Latest revision as of 23:49, 29 July 2020

Editor-In-Chief: C. Michael Gibson, M.S., M.D. [1]; Associate Editor(s)-in-Chief: Anmol Pitliya, M.B.B.S. M.D.[2]

Overview

Primary biliary cirrhosis also known as primary biliary cholangitis is an autoimmune cholestatic disease. The disease is chronic and slowly progressive. The exact pathogenesis of primary biliary cirrhosis is not fully understood. It is postulated that primary biliary cirrhosis is the result of antimitochondrial antibodies (AMAs), directed to the E2 component of the pyruvate dehydrogenase complex (PDC-E2). Overexpression of Bcl-2 in small apoptotic biliary epithelial cells and cell lineage-specific lack of glutathione prevents loss of immunogenicity of the PDC-E2 component after apoptosis of biliary epithelial cells which finally results in autoimmunity. Primary biliary cirrhosis may be familial and is related to factors inherited maternally. Primary biliary cirrhosis is strongly associated with a variety of rheumatologic conditions, most commonly Sjogren's syndrome. On gross pathology, characteristic findings of primary biliary cirrhosis include hepatomegaly, splenomegaly, and cirrhosis (in late stage). On microscopic histopathological analysis, asymmetric destruction of the intralobular bile ducts within portal triads is characteristic findings of primary biliary cirrhosis.

Pathophysiology

Pathogenesis

The exact pathogenesis of primary biliary cirrhosis is not fully understood.
It is thought that primary biliary cirrhosis is the result of antimitochondrial antibodies (AMAs), directed to the E2 component of the pyruvate dehydrogenase complex (PDC-E2).^[1]
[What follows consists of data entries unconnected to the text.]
lemma vabs_scaleR_le: "vabs (c *\<^sub>R x) \<le> \<bar>c\<bar> *\<^sub>R vabs (x::'a::{ordered_real_vector,lattice})"
proof (rule vector_lattice.abs_leI)
  have "\<bar>c\<bar> *\<^sub>R x \<le> \<bar>c\<bar> *\<^sub>R vabs x" "- (\<bar>c\<bar> *\<^sub>R x) \<le> \<bar>c\<bar> *\<^sub>R vabs x"
    using scaleR_left_mono[OF vector_lattice.abs_ge_self[of x], of "\<bar>c\<bar>"]
      scaleR_left_mono[OF vector_lattice.abs_ge_minus_self[of x], of "\<bar>c\<bar>"]
    by simp_all
  then show "c *\<^sub>R x \<le> \<bar>c\<bar> *\<^sub>R vabs x" "- (c *\<^sub>R x) \<le> \<bar>c\<bar> *\<^sub>R vabs x"
    by (cases "0 \<le> c"; simp)+
qed

lemma vpos_inf_vabs_minus_le:
  fixes x h c :: "'a::{ordered_real_vector,lattice}"
  assumes "0 \<le> c"
  shows "vpos (inf (vabs x) c - vabs (h - x)) \<le> inf (vabs h) c"
proof -
  have "inf (vabs x) c - vabs (h - x) \<le> inf (vabs h) c"
    using vector_lattice.inf_abs_le_inf_abs_add_abs_diff[OF assms, of x h]
    unfolding diff_le_eq vector_lattice.abs_minus_commute[of x h] .
  then show ?thesis
    using assms unfolding vpos_def by (intro sup_least) simp_all
qed

lemma at_top_neq_bot_if_directed:
  assumes "\<forall>a b::'i::order. \<exists>c. a \<le> c \<and> b \<le> c"
  shows "(at_top :: 'i filter) \<noteq> bot"
proof
  assume "(at_top :: 'i filter) = bot"
  then have "eventually (\<lambda>_. False) (at_top :: 'i filter)"
    by simp
  then have "\<exists>b. eventually (\<lambda>_. False) (principal {b::'i..})"
    unfolding at_top_def
  proof (subst (asm) eventually_INF_base)
    fix a b :: 'i
    obtain c where "a \<le> c" "b \<le> c"
      using assms by blast
    then show "\<exists>x\<in>UNIV. principal {x..} \<le> inf (principal {a..}) (principal {b..})"
      by (intro bexI[of _ c]) auto
  qed auto
  then show False
    by (auto simp: eventually_principal)
qed

definition meet_null_set ::
    "('a::{ordered_real_vector,lattice} filter \<Rightarrow> 'a \<Rightarrow> bool) \<Rightarrow> 'i filter \<Rightarrow> ('i \<Rightarrow> 'a) \<Rightarrow> 'a set" where
  "meet_null_set eta F f = {h. eta (filtermap (\<lambda>\<alpha>. inf (vabs h) (f \<alpha>)) F) 0}"

context
  fixes eta :: "'a::{ordered_real_vector,lattice} filter \<Rightarrow> 'a \<Rightarrow> bool"
  assumes lsa: "locally_solid_additive eta"
begin

lemma lsa_tendsto_const: "eta (filtermap (\<lambda>_. c) F) c"
proof -
  have "filtermap (\<lambda>_. c) F \<le> principal {c}"
    by (simp add: le_principal eventually_filtermap)
  then show ?thesis
    using lsa unfolding locally_solid_additive_def convergence_structure_def by blast
qed

lemma lsa_tendsto_add:
  assumes "eta (filtermap a F) x" "eta (filtermap b F) y"
  shows "eta (filtermap (\<lambda>t. a t + b t) F) (x + y)"
proof -
  let ?P = "filtermap (\<lambda>t. (a t, b t)) F"
  have "eta (filtermap fst ?P) x" "eta (filtermap snd ?P) y"
    using assms by (simp_all add: filtermap_filtermap)
  then have "eta (filtermap (\<lambda>p. fst p + snd p) ?P) (x + y)"
    using lsa unfolding locally_solid_additive_def by blast
  then show ?thesis
    by (simp add: filtermap_filtermap)
qed

lemma lsa_tendsto_solid:
  assumes "eventually (\<lambda>t. vabs (a t) \<le> vabs (b t)) F" "eta (filtermap b F) 0"
  shows "eta (filtermap a F) 0"
proof -
  let ?P = "filtermap (\<lambda>t. (a t, b t)) F"
  have "eventually (\<lambda>p. vabs (fst p) \<le> vabs (snd p)) ?P" "eta (filtermap snd ?P) 0"
    using assms by (simp_all add: filtermap_filtermap eventually_filtermap)
  then have "eta (filtermap fst ?P) 0"
    using lsa unfolding locally_solid_additive_def by blast
  then show ?thesis
    by (simp add: filtermap_filtermap)
qed

lemma lsa_tendsto_squeeze:
  assumes "\<And>t. 0 \<le> a t" "\<And>t. a t \<le> b t" "eta (filtermap b F) 0"
  shows "eta (filtermap a F) 0"
proof (rule lsa_tendsto_solid[OF _ assms(3)])
  show "eventually (\<lambda>t. vabs (a t) \<le> vabs (b t)) F"
    using assms(1,2) by (simp add: order_trans[OF _ vector_lattice.abs_ge_self])
qed

lemma lsa_tendsto_abs_diff:
  assumes "eta F x"
  shows "eta (filtermap (\<lambda>h. vabs (h - x)) F) 0"
proof -
  have "eta (filtermap (\<lambda>h. h + - x) F) (x + - x)"
    using assms lsa_tendsto_const[of "- x" F] by (intro lsa_tendsto_add) (simp_all add: filtermap_ident)
  then have "eta (filtermap (\<lambda>h. h - x) F) 0"
    by simp
  then show ?thesis
    by (rule lsa_tendsto_solid[rotated]) simp
qed

lemma meet_null_set_solid:
  assumes "\<forall>\<alpha>. 0 \<le> f \<alpha>" "y \<in> meet_null_set eta F f" "vabs x \<le> vabs y"
  shows "x \<in> meet_null_set eta F f"
proof -
  have "eta (filtermap (\<lambda>\<alpha>. inf (vabs x) (f \<alpha>)) F) 0"
  proof (rule lsa_tendsto_squeeze)
    show "0 \<le> inf (vabs x) (f \<alpha>)" for \<alpha>
      using assms(1) by simp
    show "inf (vabs x) (f \<alpha>) \<le> inf (vabs y) (f \<alpha>)" for \<alpha>
      using assms(3) by (rule inf_mono) simp
    show "eta (filtermap (\<lambda>\<alpha>. inf (vabs y) (f \<alpha>)) F) 0"
      using assms(2) by (simp add: meet_null_set_def)
  qed
  then show ?thesis
    by (simp add: meet_null_set_def)
qed

lemma meet_null_set_add:
  assumes "\<forall>\<alpha>. 0 \<le> f \<alpha>" "x \<in> meet_null_set eta F f" "y \<in> meet_null_set eta F f"
  shows "x + y \<in> meet_null_set eta F f"
proof -
  have "eta (filtermap (\<lambda>\<alpha>. inf (vabs (x + y)) (f \<alpha>)) F) 0"
  proof (rule lsa_tendsto_squeeze)
    show "0 \<le> inf (vabs (x + y)) (f \<alpha>)" for \<alpha>
      using assms(1) by simp
    show "inf (vabs (x + y)) (f \<alpha>) \<le> inf (vabs x) (f \<alpha>) + inf (vabs y) (f \<alpha>)" for \<alpha>
    proof -
      have "inf (vabs (x + y)) (f \<alpha>) \<le> inf (vabs x + vabs y) (f \<alpha>)"
        using vector_lattice.abs_triangle_ineq by (rule inf_mono) simp
      also have "\<dots> \<le> inf (vabs x) (f \<alpha>) + inf (vabs y) (f \<alpha>)"
        using assms(1) by (simp add: vector_lattice.inf_add_le_add_inf)
      finally show ?thesis .
    qed
    show "eta (filtermap (\<lambda>\<alpha>. inf (vabs x) (f \<alpha>) + inf (vabs y) (f \<alpha>)) F) 0"
      using lsa_tendsto_add assms(2,3) unfolding meet_null_set_def by fastforce
  qed
  then show ?thesis
    by (simp add: meet_null_set_def)
qed

lemma lattice_ideal_meet_null_set:
  assumes f_nonneg: "\<forall>\<alpha>. 0 \<le> f \<alpha>"
  shows "lattice_ideal (meet_null_set eta F f)"
proof -
  let ?H = "meet_null_set eta F f"
  have zero: "0 \<in> ?H"
    using lsa_tendsto_const[of 0 F] f_nonneg by (simp add: meet_null_set_def inf_absorb1)
  have multiple: "real n *\<^sub>R vabs x \<in> ?H" if "x \<in> ?H" for n x
  proof (induction n)
    case 0
    show ?case
      using zero by simp
  next
    case (Suc n)
    have "vabs x \<in> ?H"
      using f_nonneg that by (rule meet_null_set_solid) simp
    with Suc show ?case
      using f_nonneg by (simp add: scaleR_add_left meet_null_set_add)
  qed
  have scale: "c *\<^sub>R x \<in> ?H" if "x \<in> ?H" for c x
  proof -
    obtain n :: nat where n: "\<bar>c\<bar> \<le> real n"
      using real_arch_simple by blast
    have "vabs (c *\<^sub>R x) \<le> \<bar>c\<bar> *\<^sub>R vabs x"
      by (rule vabs_scaleR_le)
    also have "\<dots> \<le> real n *\<^sub>R vabs x"
      using n by (simp add: scaleR_right_mono)
    also have "\<dots> = vabs (real n *\<^sub>R vabs x)"
      by (simp add: vector_lattice.abs_of_nonneg scaleR_nonneg_nonneg)
    finally show ?thesis
      using meet_null_set_solid[OF f_nonneg multiple[OF that]] by blast
  qed
  show ?thesis
    unfolding lattice_ideal_def
    using zero scale meet_null_set_add[OF f_nonneg] meet_null_set_solid[OF f_nonneg] by blast
qed

lemma conv_closed_meet_null_set:
  assumes idem: "idempotent_conv eta" and "F \<noteq> bot" and f_nonneg: "\<forall>\<alpha>. 0 \<le> f \<alpha>"
  shows "conv_closed eta (meet_null_set eta F f)"
  unfolding conv_closed_def
proof (intro allI impI)
  let ?H = "meet_null_set eta F f"
  fix G x
  assume "G \<noteq> bot" and G_in_H: "eventually (\<lambda>h. h \<in> ?H) G" and "eta G x"
  define D where "D = filtermap (\<lambda>h. vabs (h - x)) G"
  define S where "S = (\<lambda>h. vabs (h - x)) ` ?H"
  define M where "M = filtermap (\<lambda>\<alpha>. inf (vabs x) (f \<alpha>)) F"
  have "D \<noteq> bot" "M \<noteq> bot"
    using \<open>G \<noteq> bot\<close> \<open>F \<noteq> bot\<close> by (simp_all add: D_def M_def filtermap_bot_iff)
  moreover have "eventually (\<lambda>m. 0 \<le> m) M"
    using f_nonneg by (simp add: M_def eventually_filtermap)
  moreover have "S \<subseteq> {s. 0 \<le> s}"
    by (auto simp: S_def)
  moreover have "D \<le> principal S"
    unfolding D_def S_def le_principal eventually_filtermap
    using G_in_H by (rule eventually_mono) auto
  moreover have "eta D 0"
    unfolding D_def using \<open>eta G x\<close> by (rule lsa_tendsto_abs_diff)
  moreover have "eta (filtermap (\<lambda>m. vpos (m - s)) M) 0" if "s \<in> S" for s
  proof -
    obtain h where h: "h \<in> ?H" "s = vabs (h - x)"
      using \<open>s \<in> S\<close> by (auto simp: S_def)
    have "eta (filtermap (\<lambda>\<alpha>. vpos (inf (vabs x) (f \<alpha>) - s)) F) 0"
    proof (rule lsa_tendsto_squeeze)
      show "0 \<le> vpos (inf (vabs x) (f \<alpha>) - s)" for \<alpha>
        by (simp add: vpos_def)
      show "vpos (inf (vabs x) (f \<alpha>) - s) \<le> inf (vabs h) (f \<alpha>)" for \<alpha>
        using vpos_inf_vabs_minus_le f_nonneg h(2) by blast
      show "eta (filtermap (\<lambda>\<alpha>. inf (vabs h) (f \<alpha>)) F) 0"
        using h(1) by (simp add: meet_null_set_def)
    qed
    then show ?thesis
      by (simp add: M_def filtermap_filtermap)
  qed
  ultimately have "eta M 0"
    using idem unfolding idempotent_conv_def by blast
  then show "x \<in> ?H"
    by (simp add: M_def meet_null_set_def)
qed

end

theorem proposition2p4:
  fixes eta :: "'a::{ordered_real_vector,lattice} filter \<Rightarrow> 'a \<Rightarrow> bool"
    and f :: "'i::order \<Rightarrow> 'a"
  assumes "locally_solid_additive eta"
    and "\<forall>a b::'i. \<exists>c. a \<le> c \<and> b \<le> c"
    and "\<forall>\<alpha>. 0 \<le> f \<alpha>"
  shows "lattice_ideal {h. eta (filtermap (\<lambda>\<alpha>. inf (vabs h) (f \<alpha>)) at_top) 0}
       \<and> (idempotent_conv eta \<longrightarrow>
            conv_closed eta {h. eta (filtermap (\<lambda>\<alpha>. inf (vabs h) (f \<alpha>)) at_top) 0})"
  using lattice_ideal_meet_null_set[OF assms(1,3)]
    conv_closed_meet_null_set[OF assms(1) _ at_top_neq_bot_if_directed[OF assms(2)] assms(3)]
  unfolding meet_null_set_def by blast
Algorithm showing postulated hypothesis of pathogenesis of primary biliary cirrhosis^[2]^[3]^[4]^[5]

Biliary epithelial cells (BEC)

Overexpression of Bcl-2 in small apoptotic BEC

Cell lineage specific lack of glutathione

Inhibition of PDC-E2 glutathiolation

Prevents loss of immunogenicity after apoptosis of BEC

PDC-E2 component remains intact and antigenic in apoptotic blebs of BEC

Antigenic PDC-E2 are engulfed by intrahepatic dendritic cells

Dendritic cells transfer antigenic PDC-E2 to regional lymph nodes

Antigenic PDC-E2 is recognized by MHC class I restricted CD8⁺ T cells

Initiates autoimmunity

Primary biliary cirrhosis

Genetics

Primary biliary cirrhosis may be familial and is related to factors inherited maternally.^[6]
Primary biliary cirrhosis tends to present at an earlier age in the second generation.

Associated Conditions

Conditions associated with primary biliary cirrhosis include:^[7]^[8]^[9]

Gross Pathology

On gross pathology, characteristic findings of primary biliary cirrhosis include:^[7]
- Hepatomegaly
- Splenomegaly
- Cirrhosis (late stages)

Microscopic Pathology

On microscopic histopathological analysis, asymmetric destruction of the intralobular bile ducts within portal triads is characteristic findings of primary biliary cirrhosis.
Primary biliary cirrhosis can be classified into four stages according to histological classification of Ludwig. According to Ludwig classification, all four stages may be present on a single liver biopsy.^[10]^[11]
It can also be classified into four stages according to the histological classification of P. Scheuer.^[12]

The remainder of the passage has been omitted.